[Your assignment]
The whole listing is to be returned exactly.

[Provided material]
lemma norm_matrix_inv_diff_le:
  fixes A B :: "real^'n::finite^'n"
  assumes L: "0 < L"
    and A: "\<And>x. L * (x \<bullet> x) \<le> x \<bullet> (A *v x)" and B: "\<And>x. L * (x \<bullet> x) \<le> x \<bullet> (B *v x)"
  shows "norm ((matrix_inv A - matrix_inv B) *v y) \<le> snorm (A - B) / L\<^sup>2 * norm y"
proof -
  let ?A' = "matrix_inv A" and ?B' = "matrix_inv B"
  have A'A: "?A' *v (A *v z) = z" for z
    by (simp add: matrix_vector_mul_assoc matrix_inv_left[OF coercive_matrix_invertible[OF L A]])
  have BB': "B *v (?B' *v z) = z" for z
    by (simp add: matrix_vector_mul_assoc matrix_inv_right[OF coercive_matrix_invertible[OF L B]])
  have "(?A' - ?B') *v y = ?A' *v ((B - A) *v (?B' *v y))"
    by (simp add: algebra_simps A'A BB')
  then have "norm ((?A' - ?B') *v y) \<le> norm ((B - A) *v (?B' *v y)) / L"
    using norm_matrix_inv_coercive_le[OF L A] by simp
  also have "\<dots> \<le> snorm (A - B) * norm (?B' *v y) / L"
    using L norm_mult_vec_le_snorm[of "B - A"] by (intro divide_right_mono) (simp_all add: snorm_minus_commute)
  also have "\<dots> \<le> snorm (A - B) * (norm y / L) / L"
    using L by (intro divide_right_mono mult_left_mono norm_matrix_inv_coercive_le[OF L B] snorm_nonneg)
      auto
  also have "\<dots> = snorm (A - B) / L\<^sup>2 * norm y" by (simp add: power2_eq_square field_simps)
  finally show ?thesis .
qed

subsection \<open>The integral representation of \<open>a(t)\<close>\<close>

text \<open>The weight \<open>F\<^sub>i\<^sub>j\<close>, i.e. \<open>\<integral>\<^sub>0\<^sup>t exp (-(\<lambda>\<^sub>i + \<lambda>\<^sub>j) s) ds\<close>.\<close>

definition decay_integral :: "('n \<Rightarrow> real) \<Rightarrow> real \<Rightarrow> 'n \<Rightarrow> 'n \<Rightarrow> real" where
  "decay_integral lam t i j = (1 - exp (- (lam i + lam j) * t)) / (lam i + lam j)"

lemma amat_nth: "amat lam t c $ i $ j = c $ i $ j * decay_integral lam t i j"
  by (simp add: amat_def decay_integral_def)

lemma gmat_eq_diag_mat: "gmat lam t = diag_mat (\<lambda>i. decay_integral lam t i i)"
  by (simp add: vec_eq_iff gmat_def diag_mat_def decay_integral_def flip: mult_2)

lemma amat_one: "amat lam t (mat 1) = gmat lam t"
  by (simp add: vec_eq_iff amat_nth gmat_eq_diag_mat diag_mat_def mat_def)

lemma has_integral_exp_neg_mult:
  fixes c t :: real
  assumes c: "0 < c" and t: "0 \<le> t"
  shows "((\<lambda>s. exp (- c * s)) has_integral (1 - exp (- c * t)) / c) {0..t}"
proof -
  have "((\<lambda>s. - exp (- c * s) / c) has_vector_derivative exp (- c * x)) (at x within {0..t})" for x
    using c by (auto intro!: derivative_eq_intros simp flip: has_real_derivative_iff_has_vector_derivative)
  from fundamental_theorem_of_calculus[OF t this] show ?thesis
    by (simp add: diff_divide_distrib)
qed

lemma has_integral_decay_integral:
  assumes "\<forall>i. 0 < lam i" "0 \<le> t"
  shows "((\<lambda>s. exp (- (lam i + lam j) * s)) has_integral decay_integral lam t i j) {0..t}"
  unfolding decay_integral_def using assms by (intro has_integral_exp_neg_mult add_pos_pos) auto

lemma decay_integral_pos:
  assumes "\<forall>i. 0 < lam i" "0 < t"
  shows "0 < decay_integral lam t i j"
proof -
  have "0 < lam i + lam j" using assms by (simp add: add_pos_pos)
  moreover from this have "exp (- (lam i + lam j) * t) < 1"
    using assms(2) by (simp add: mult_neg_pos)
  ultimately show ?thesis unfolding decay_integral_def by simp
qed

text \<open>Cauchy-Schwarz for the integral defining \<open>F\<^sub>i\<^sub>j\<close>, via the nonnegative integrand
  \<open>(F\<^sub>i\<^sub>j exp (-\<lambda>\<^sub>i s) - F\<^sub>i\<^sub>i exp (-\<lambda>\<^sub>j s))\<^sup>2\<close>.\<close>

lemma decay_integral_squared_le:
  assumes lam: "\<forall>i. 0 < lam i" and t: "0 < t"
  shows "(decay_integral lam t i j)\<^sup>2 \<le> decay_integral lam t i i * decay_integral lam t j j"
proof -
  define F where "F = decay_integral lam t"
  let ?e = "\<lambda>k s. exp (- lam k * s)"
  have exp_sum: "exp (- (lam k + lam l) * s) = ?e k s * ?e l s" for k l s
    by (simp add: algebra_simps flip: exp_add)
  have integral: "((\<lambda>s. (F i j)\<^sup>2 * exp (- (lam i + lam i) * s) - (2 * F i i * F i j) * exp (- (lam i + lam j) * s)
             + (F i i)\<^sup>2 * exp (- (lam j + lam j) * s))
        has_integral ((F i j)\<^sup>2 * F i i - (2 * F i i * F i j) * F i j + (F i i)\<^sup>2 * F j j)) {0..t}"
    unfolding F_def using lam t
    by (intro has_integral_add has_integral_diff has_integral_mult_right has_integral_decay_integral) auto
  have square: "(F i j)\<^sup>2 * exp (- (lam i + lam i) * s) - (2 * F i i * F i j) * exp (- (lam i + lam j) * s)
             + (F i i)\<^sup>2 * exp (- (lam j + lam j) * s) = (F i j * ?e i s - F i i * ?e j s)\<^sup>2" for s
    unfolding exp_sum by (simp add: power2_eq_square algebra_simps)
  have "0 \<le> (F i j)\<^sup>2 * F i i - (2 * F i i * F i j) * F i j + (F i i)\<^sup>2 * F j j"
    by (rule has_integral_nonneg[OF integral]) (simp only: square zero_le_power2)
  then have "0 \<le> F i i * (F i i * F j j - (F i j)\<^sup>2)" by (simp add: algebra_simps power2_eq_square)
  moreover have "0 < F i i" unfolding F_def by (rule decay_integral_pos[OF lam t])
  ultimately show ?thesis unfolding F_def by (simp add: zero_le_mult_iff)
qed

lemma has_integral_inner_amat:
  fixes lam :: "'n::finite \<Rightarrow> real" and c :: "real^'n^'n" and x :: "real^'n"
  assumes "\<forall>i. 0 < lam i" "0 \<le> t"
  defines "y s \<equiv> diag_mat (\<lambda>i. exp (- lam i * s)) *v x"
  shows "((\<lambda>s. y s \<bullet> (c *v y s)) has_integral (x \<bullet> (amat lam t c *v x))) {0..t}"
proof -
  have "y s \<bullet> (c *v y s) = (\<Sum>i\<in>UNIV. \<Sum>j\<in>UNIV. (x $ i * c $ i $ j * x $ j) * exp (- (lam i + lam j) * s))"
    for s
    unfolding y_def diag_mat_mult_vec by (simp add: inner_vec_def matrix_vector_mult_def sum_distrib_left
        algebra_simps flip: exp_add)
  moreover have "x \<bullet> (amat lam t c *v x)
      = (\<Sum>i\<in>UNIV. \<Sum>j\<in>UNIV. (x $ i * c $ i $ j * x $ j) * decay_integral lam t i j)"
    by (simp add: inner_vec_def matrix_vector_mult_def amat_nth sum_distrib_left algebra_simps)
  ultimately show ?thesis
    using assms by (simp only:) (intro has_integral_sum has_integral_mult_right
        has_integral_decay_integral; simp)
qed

[Expected answer]
lemma norm_matrix_inv_diff_le:
  fixes A B :: "real^'n::finite^'n"
  assumes L: "0 < L"
    and A: "\<And>x. L * (x \<bullet> x) \<le> x \<bullet> (A *v x)" and B: "\<And>x. L * (x \<bullet> x) \<le> x \<bullet> (B *v x)"
  shows "norm ((matrix_inv A - matrix_inv B) *v y) \<le> snorm (A - B) / L\<^sup>2 * norm y"
proof -
  let ?A' = "matrix_inv A" and ?B' = "matrix_inv B"
  have A'A: "?A' *v (A *v z) = z" for z
    by (simp add: matrix_vector_mul_assoc matrix_inv_left[OF coercive_matrix_invertible[OF L A]])
  have BB': "B *v (?B' *v z) = z" for z
    by (simp add: matrix_vector_mul_assoc matrix_inv_right[OF coercive_matrix_invertible[OF L B]])
  have "(?A' - ?B') *v y = ?A' *v ((B - A) *v (?B' *v y))"
    by (simp add: algebra_simps A'A BB')
  then have "norm ((?A' - ?B') *v y) \<le> norm ((B - A) *v (?B' *v y)) / L"
    using norm_matrix_inv_coercive_le[OF L A] by simp
  also have "\<dots> \<le> snorm (A - B) * norm (?B' *v y) / L"
    using L norm_mult_vec_le_snorm[of "B - A"] by (intro divide_right_mono) (simp_all add: snorm_minus_commute)
  also have "\<dots> \<le> snorm (A - B) * (norm y / L) / L"
    using L by (intro divide_right_mono mult_left_mono norm_matrix_inv_coercive_le[OF L B] snorm_nonneg)
      auto
  also have "\<dots> = snorm (A - B) / L\<^sup>2 * norm y" by (simp add: power2_eq_square field_simps)
  finally show ?thesis .
qed

subsection \<open>The integral representation of \<open>a(t)\<close>\<close>

text \<open>The weight \<open>F\<^sub>i\<^sub>j\<close>, i.e. \<open>\<integral>\<^sub>0\<^sup>t exp (-(\<lambda>\<^sub>i + \<lambda>\<^sub>j) s) ds\<close>.\<close>

definition decay_integral :: "('n \<Rightarrow> real) \<Rightarrow> real \<Rightarrow> 'n \<Rightarrow> 'n \<Rightarrow> real" where
  "decay_integral lam t i j = (1 - exp (- (lam i + lam j) * t)) / (lam i + lam j)"

lemma amat_nth: "amat lam t c $ i $ j = c $ i $ j * decay_integral lam t i j"
  by (simp add: amat_def decay_integral_def)

lemma gmat_eq_diag_mat: "gmat lam t = diag_mat (\<lambda>i. decay_integral lam t i i)"
  by (simp add: vec_eq_iff gmat_def diag_mat_def decay_integral_def flip: mult_2)

lemma amat_one: "amat lam t (mat 1) = gmat lam t"
  by (simp add: vec_eq_iff amat_nth gmat_eq_diag_mat diag_mat_def mat_def)

lemma has_integral_exp_neg_mult:
  fixes c t :: real
  assumes c: "0 < c" and t: "0 \<le> t"
  shows "((\<lambda>s. exp (- c * s)) has_integral (1 - exp (- c * t)) / c) {0..t}"
proof -
  have "((\<lambda>s. - exp (- c * s) / c) has_vector_derivative exp (- c * x)) (at x within {0..t})" for x
    using c by (auto intro!: derivative_eq_intros simp flip: has_real_derivative_iff_has_vector_derivative)
  from fundamental_theorem_of_calculus[OF t this] show ?thesis
    by (simp add: diff_divide_distrib)
qed

lemma has_integral_decay_integral:
  assumes "\<forall>i. 0 < lam i" "0 \<le> t"
  shows "((\<lambda>s. exp (- (lam i + lam j) * s)) has_integral decay_integral lam t i j) {0..t}"
  unfolding decay_integral_def using assms by (intro has_integral_exp_neg_mult add_pos_pos) auto

lemma decay_integral_pos:
  assumes "\<forall>i. 0 < lam i" "0 < t"
  shows "0 < decay_integral lam t i j"
proof -
  have "0 < lam i + lam j" using assms by (simp add: add_pos_pos)
  moreover from this have "exp (- (lam i + lam j) * t) < 1"
    using assms(2) by (simp add: mult_neg_pos)
  ultimately show ?thesis unfolding decay_integral_def by simp
qed

text \<open>Cauchy-Schwarz for the integral defining \<open>F\<^sub>i\<^sub>j\<close>, via the nonnegative integrand
  \<open>(F\<^sub>i\<^sub>j exp (-\<lambda>\<^sub>i s) - F\<^sub>i\<^sub>i exp (-\<lambda>\<^sub>j s))\<^sup>2\<close>.\<close>

lemma decay_integral_squared_le:
  assumes lam: "\<forall>i. 0 < lam i" and t: "0 < t"
  shows "(decay_integral lam t i j)\<^sup>2 \<le> decay_integral lam t i i * decay_integral lam t j j"
proof -
  define F where "F = decay_integral lam t"
  let ?e = "\<lambda>k s. exp (- lam k * s)"
  have exp_sum: "exp (- (lam k + lam l) * s) = ?e k s * ?e l s" for k l s
    by (simp add: algebra_simps flip: exp_add)
  have integral: "((\<lambda>s. (F i j)\<^sup>2 * exp (- (lam i + lam i) * s) - (2 * F i i * F i j) * exp (- (lam i + lam j) * s)
             + (F i i)\<^sup>2 * exp (- (lam j + lam j) * s))
        has_integral ((F i j)\<^sup>2 * F i i - (2 * F i i * F i j) * F i j + (F i i)\<^sup>2 * F j j)) {0..t}"
    unfolding F_def using lam t
    by (intro has_integral_add has_integral_diff has_integral_mult_right has_integral_decay_integral) auto
  have square: "(F i j)\<^sup>2 * exp (- (lam i + lam i) * s) - (2 * F i i * F i j) * exp (- (lam i + lam j) * s)
             + (F i i)\<^sup>2 * exp (- (lam j + lam j) * s) = (F i j * ?e i s - F i i * ?e j s)\<^sup>2" for s
    unfolding exp_sum by (simp add: power2_eq_square algebra_simps)
  have "0 \<le> (F i j)\<^sup>2 * F i i - (2 * F i i * F i j) * F i j + (F i i)\<^sup>2 * F j j"
    by (rule has_integral_nonneg[OF integral]) (simp only: square zero_le_power2)
  then have "0 \<le> F i i * (F i i * F j j - (F i j)\<^sup>2)" by (simp add: algebra_simps power2_eq_square)
  moreover have "0 < F i i" unfolding F_def by (rule decay_integral_pos[OF lam t])
  ultimately show ?thesis unfolding F_def by (simp add: zero_le_mult_iff)
qed

lemma has_integral_inner_amat:
  fixes lam :: "'n::finite \<Rightarrow> real" and c :: "real^'n^'n" and x :: "real^'n"
  assumes "\<forall>i. 0 < lam i" "0 \<le> t"
  defines "y s \<equiv> diag_mat (\<lambda>i. exp (- lam i * s)) *v x"
  shows "((\<lambda>s. y s \<bullet> (c *v y s)) has_integral (x \<bullet> (amat lam t c *v x))) {0..t}"
proof -
  have "y s \<bullet> (c *v y s) = (\<Sum>i\<in>UNIV. \<Sum>j\<in>UNIV. (x $ i * c $ i $ j * x $ j) * exp (- (lam i + lam j) * s))"
    for s
    unfolding y_def diag_mat_mult_vec by (simp add: inner_vec_def matrix_vector_mult_def sum_distrib_left
        algebra_simps flip: exp_add)
  moreover have "x \<bullet> (amat lam t c *v x)
      = (\<Sum>i\<in>UNIV. \<Sum>j\<in>UNIV. (x $ i * c $ i $ j * x $ j) * decay_integral lam t i j)"
    by (simp add: inner_vec_def matrix_vector_mult_def amat_nth sum_distrib_left algebra_simps)
  ultimately show ?thesis
    using assms by (simp only:) (intro has_integral_sum has_integral_mult_right
        has_integral_decay_integral; simp)
qed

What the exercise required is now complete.